新田先生はおどろいて、その場にはね起きようとしたが、相手のために肩をおさえつけられた。それは、かなりの強い力だったから、新田先生は起きあがることが出来なかった。
「そうだ。わしは丸木ですよ」
と、黒マントの男は、へんにしわがれた声で言った。
「君は丸木か。いつぞやは、私《わし》をひどい目にあわせたな。それはいいが、君はまた千二少年をさらって、どこへ連れて行ったのか。早く返したまえ」
怪人丸木は、それには答えず、
「新田先生。我々は、あなたに相談があるのだ」
穴の中の広間で、めずらしくも、怪人丸木と新田先生とが、にらみあっている。
その丸木が、いつになく、やさしい猫なで声を出して、新田先生に相談があると言ったのである。
「相談とは、何です」
と、新田先生はゆだんをしない。
すると、丸木は、
「まあ、そこへおかけ」
と言って、先生に、腰かけにちょうどいいほどの大きな石ころをすすめ、自分はのっそりとつっ立ったままで話をはじめた。
「どうぞ、君もおかけなさい」
と、先生は礼儀正しく、丸木にも腰をかけることをすすめたが、丸木は、いや、私は、この方がいいのですと言って、あいかわらずつっ立ったままだった。他の火星人は、先生と丸木とをとおまきにして、つっ立っている奴もあれば、無作法《ぶさほう》にもごろんと地面に寝そべっている者もあった。

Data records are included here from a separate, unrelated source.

lemma sum_prim_ball_even:
  fixes h :: "(nat \<Rightarrow> int) \<Rightarrow> 'a :: comm_semiring_1"
  assumes even: "\<And>x. h (- x) = h x"
  shows "(\<Sum>x\<in>prim_ball d p. h x) = 2 * (\<Sum>x\<in>ball1 d p \<inter> prim_circ d. h x)"
proof -
  let ?P = "{x \<in> prim_ball d p. first_nonzero_pos d x}"
  let ?N = "{x \<in> prim_ball d p. \<not> first_nonzero_pos d x}"
  have flip: "- x \<in> prim_ball d p \<and> (first_nonzero_pos d (- x) \<longleftrightarrow> \<not> first_nonzero_pos d x)"
    if "x \<in> prim_ball d p" for x
    using that prim_ball_uminus_iff first_nonzero_pos_uminus_iff primitive_imp_coord_support_nonempty
    unfolding prim_ball_def by blast
  have "(\<Sum>x\<in>?N. h x) = (\<Sum>x\<in>?P. h x)"
  proof (rule sum.reindex_bij_witness[where i = uminus and j = uminus])
    show "- (- x) = x" for x :: "nat \<Rightarrow> int" by (simp add: fun_Compl_def)
  qed (use flip even in auto)
  moreover have "(\<Sum>x\<in>prim_ball d p. h x) = (\<Sum>x\<in>?P \<union> ?N. h x)"
    by (rule sum.cong) auto
  moreover have "\<dots> = (\<Sum>x\<in>?P. h x) + (\<Sum>x\<in>?N. h x)"
    by (rule sum.union_disjoint) (auto intro: finite_subset[OF _ finite_prim_ball])
  ultimately show ?thesis by (simp add: ball1_Int_prim_circ mult_2)
qed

「ところで、新田先生。相談というのは外でもないが、先生は、この地球がやがてモロー彗星と正面衝突して、ばらばらにこわれてしまうのを知っているでしょうね」
「知っていますよ」
と、新田先生は、すぐに返事をした。
「それが、どうしたのですか」
「いや、どうもしやしませんが、モロー彗星に衝突されると、皆さん、地球の人類は、死んでしまうわけだが、その対策は出来ていますか」
「対策というと……」
「つまり、その場合、何とかして助かる工夫が出来ているかと、私は聞くのです」
「さあ、それは……」
と言ったが、先生は、返事につかえた。
日本をはじめ、世界各国では、その日の用意として、全工業力をあげてロケットをたくさんつくっていると噂に聞いているが、それを丸木に話していいものかどうか?
丸木の眼が、黒眼鏡の奥で、きらりと光ったようである。
怪人丸木の質問に、新田先生はどう返事をしようかと、迷ってしまった。